DevMode
The collapse of the Communist Soviet Union and Eastern Europe created an uncertain future for many countries of the world, particularly those of the Third World.
Naturally, the eventual demise of Soviet influence in international affairs reinforced "American primacy" in world affairs and strengthened American power in almost all parts of the world. Conflict situations, whether bilateral or multilateral, awaited American input and resolution.1 The Arab-Israeli conflict was one such conflict that seemed to beg for American leadership and guidance in the search for diplomatic solutions.
Historically, while supporting the establishment of Israel in 1948, the Soviet Union had, by and large, upheld a solution to the Palestinian-Israeli conflict that would satisfy Palestinian minimal aspirations and Israeli security concerns. In 1988, Mikhail Gorbachev stated that the Palestinian people had the "right to self-determination" in the same measure as it was ensured for "the people of Israel."2 Nonetheless, given the enormity of changes in the wake of the unraveling of the Soviet Bloc in the 1980s, the former Communist power became increasingly less interested "in competing with the Americans" in areas related to the Middle East.3 Moscow's shift in its Middle East policy became more obvious during the second Gulf War (1991), when it indirectly backed the U.s.-led intervention in the Gulf. By doing so, Moscow was seemingly abandoning its responsibilities as a superpower in a vital region of the world.

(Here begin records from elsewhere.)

lemma perfect_matching_inj_image:
  assumes "perfect_matching A M" "inj_on f A"
  shows "perfect_matching (f ` A) ((`) f ` M)"
proof -
  have P: "partition_on A M" and C: "\<forall>c\<in>M. card c = 2"
    using assms(1) by (auto simp: perfect_matching_def)
  have "partition_on (f ` A) ((`) f ` M - {{}})" by (rule partition_on_inj_image[OF P assms(2)])
  moreover have "{} \<notin> (`) f ` M" using partition_onD3[OF P] by auto
  ultimately have "partition_on (f ` A) ((`) f ` M)" by simp
  moreover have "card (f ` c) = 2" if "c \<in> M" for c
  proof -
    have "inj_on f c" using P that assms(2) by (auto simp: partition_on_def intro: inj_on_subset)
    then show ?thesis using that C card_image by fastforce
  qed
  ultimately show ?thesis by (auto simp: perfect_matching_def)
qed

lemma perfect_matching_insert:
  assumes "perfect_matching A M" "x \<notin> A" "y \<notin> A" "x \<noteq> y"
  shows "perfect_matching (insert x (insert y A)) (insert {x,y} M)"
proof -
  have P: "partition_on A M" and C: "\<forall>c\<in>M. card c = 2"
    using assms(1) by (auto simp: perfect_matching_def)
  have "\<Union>M = A" using P by (auto simp: partition_on_def)
  then have d: "disjnt {x,y} (\<Union>M)" using assms by (auto simp: disjnt_def)
  have "insert x (insert y A) - {x,y} = A" using assms by auto
  then have "partition_on (insert x (insert y A)) (insert {x,y} M)"
    using partition_on_insert[OF d] P by auto
  then show ?thesis using C assms(4) by (simp add: perfect_matching_def)
qed

lemma perfect_matching_Diff:
  assumes "perfect_matching A M" "c \<in> M"
  shows "perfect_matching (A - c) (M - {c})"
proof -
  have P: "partition_on A M" and C: "\<forall>c\<in>M. card c = 2"
    using assms(1) by (auto simp: perfect_matching_def)
  have d: "disjnt c (\<Union>(M - {c}))"
    using P assms(2) by (auto simp: partition_on_def disjnt_def disjoint_def)
  have "insert c (M - {c}) = M" using assms(2) by auto
  then have "partition_on A (insert c (M - {c}))" using P by simp
  then have "partition_on (A - c) (M - {c})" using partition_on_insert[OF d] by blast
  then show ?thesis using C by (simp add: perfect_matching_def)
qed

lemma chord_diagrams_finite: "finite (chord_diagrams n)"
  by (rule finite_subset[OF _ finitely_many_partition_on[of "{1..2*n}"]])
     (auto simp: chord_diagrams_def)

lemma chord_diagram_finite: "M \<in> chord_diagrams n \<Longrightarrow> finite M"
  by (auto simp: chord_diagrams_def intro: finite_elements)

lemma chord_diagram_chord_subset: "M \<in> chord_diagrams n \<Longrightarrow> c \<in> M \<Longrightarrow> c \<subseteq> {1..2*n}"
  by (auto simp: chord_diagrams_def partition_on_def)

lemma chord_diagram_card_chord: "M \<in> chord_diagrams n \<Longrightarrow> c \<in> M \<Longrightarrow> card c = 2"
  by (auto simp: chord_diagrams_def)

section \<open>Removing the chord through 1\<close>

definition shift :: "nat \<Rightarrow> nat \<Rightarrow> nat" where
  "shift a i = (if Suc i < a then Suc i else i + 2)"

definition unshift :: "nat \<Rightarrow> nat \<Rightarrow> nat" where
  "unshift a j = (if j < a then j - 1 else j - 2)"

definition add_chord :: "nat set set \<Rightarrow> nat \<Rightarrow> nat set set" where
  "add_chord M a = insert {1,a} ((`) (shift a) ` M)"

lemma inj_shift: "inj (shift a)"
  by (auto simp: inj_def shift_def split: if_splits)

lemma inj_image_shift: "inj ((`) (shift a))"
  by (rule injI) (simp add: inj_image_eq_iff[OF inj_shift])

lemma unshift_shift: "unshift a (shift a i) = i"
  by (simp add: shift_def unshift_def)

lemma shift_unshift: "a \<ge> 2 \<Longrightarrow> j \<ge> 2 \<Longrightarrow> j \<noteq> a \<Longrightarrow> shift a (unshift a j) = j"
  by (auto simp: shift_def unshift_def)

lemma shift_image:
  assumes "a \<in> {2..2*n+2}"
  shows "shift a ` {1..2*n} = {2..2*n+2} - {a}"
proof
  show "shift a ` {1..2*n} \<subseteq> {2..2*n+2} - {a}" by (auto simp: shift_def)
  show "{2..2*n+2} - {a} \<subseteq> shift a ` {1..2*n}"
  proof
    fix j assume j: "j \<in> {2..2*n+2} - {a}"
    then have "j = shift a (unshift a j)" "unshift a j \<in> {1..2*n}"
      using assms by (auto simp: shift_def unshift_def)
    then show "j \<in> shift a ` {1..2*n}" by blast
  qed
qed

lemma one_notin_shift_image:
  assumes "M \<in> chord_diagrams n" "c \<in> M"
  shows "1 \<notin> shift a ` c"
proof
  assume "1 \<in> shift a ` c"
  then have "0 \<in> c" by (auto simp: shift_def split: if_splits)
  then show False using chord_diagram_chord_subset[OF assms] by auto
qed

lemma add_chord_in_chord_diagrams:
  assumes M: "M \<in> chord_diagrams n" and a: "a \<in> {2..2*n+2}"
  shows "add_chord M a \<in> chord_diagrams (Suc n)"
proof -
  have "perfect_matching (shift a ` {1..2*n}) ((`) (shift a) ` M)"
    using M by (intro perfect_matching_inj_image) (auto simp: chord_diagrams_eq intro: inj_on_subset[OF inj_shift])
  then have "perfect_matching ({2..2*n+2} - {a}) ((`) (shift a) ` M)"
    using shift_image[OF a] by simp
  then have "perfect_matching (insert 1 (insert a ({2..2*n+2} - {a}))) (add_chord M a)"
    unfolding add_chord_def by (rule perfect_matching_insert) (use a in simp_all)
  moreover have "insert 1 (insert a ({2..2*n+2} - {a})) = {1..2*Suc n}"
    using a by auto
  ultimately show ?thesis by (simp add: chord_diagrams_eq)
qed

lemma inj_on_add_chord: "inj_on (case_prod add_chord) (chord_diagrams n \<times> {2..2*n+2})"
proof (rule inj_onI, clarify)
  fix M1 a1 M2 a2
  assume M1: "M1 \<in> chord_diagrams n" and a1: "a1 \<in> {2..2*n+2}"
    and M2: "M2 \<in> chord_diagrams n" and a2: "a2 \<in> {2..2*n+2}"
    and eq: "add_chord M1 a1 = add_chord M2 a2"
  have "{1,a1} \<in> add_chord M1 a1" by (simp add: add_chord_def)
  then have "{1,a1} \<in> add_chord M2 a2" using eq by simp
  moreover have "{1,a1} \<notin> (`) (shift a2) ` M2" using one_notin_shift_image[OF M2] by blast
  ultimately have "{1,a1} = {1,a2}" by (simp add: add_chord_def)
  then have a: "a1 = a2" using a1 a2 by (simp add: doubleton_eq_iff)
  have "{1,a1} \<notin> (`) (shift a1) ` M1" "{1,a1} \<notin> (`) (shift a1) ` M2"
    using one_notin_shift_image[OF M1] one_notin_shift_image[OF M2] by blast+
  then have "(`) (shift a1) ` M1 = (`) (shift a1) ` M2"
    using eq a unfolding add_chord_def by (simp add: insert_ident)
  then show "M1 = M2 \<and> a1 = a2" using a by (simp add: inj_image_eq_iff[OF inj_image_shift])
qed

The dissipation of Soviet power impacted negatively upon the Arabs as a party in the conflict with Israel. Those states in the Middle East that were termed "radical" suffered the loss of an ally and an important supplier of arms. Syria and the PLO, particularly, began to realize that a solution to the Arab-Israeli conflict would require U.S. resolve and leadership.4 The negative impact was also felt in Israeli-American relations. For example, Israel was no longer needed as a bulwark against Soviet influence in the Middle East. Although America kept its special relations with Israel, the Jewish state was no longer needed - at least not as much as before - to safeguard U.S. interests in the region. In fact, during the 1991 Gulf War, the interest in oil and the Gulf took precedence over Israel's value as a strategic ally.
Consistent with these changes in international and regional affairs that began taking place since the late 19805, the George Bush Administration began to realize that the continuation of the conflict between Israel and the Arabs was becoming rather senseless, benefiting neither the United States nor its Western allies. A solution to the conflict and the maintaining of political stability in the Gulf were, thus, considered of vital importance. For their part, the Arab states and the PLO chose to accept the new rules of the game and agreed to satisfy most, if not all, of the Israeli and U.S. conditions for participating in negotiations.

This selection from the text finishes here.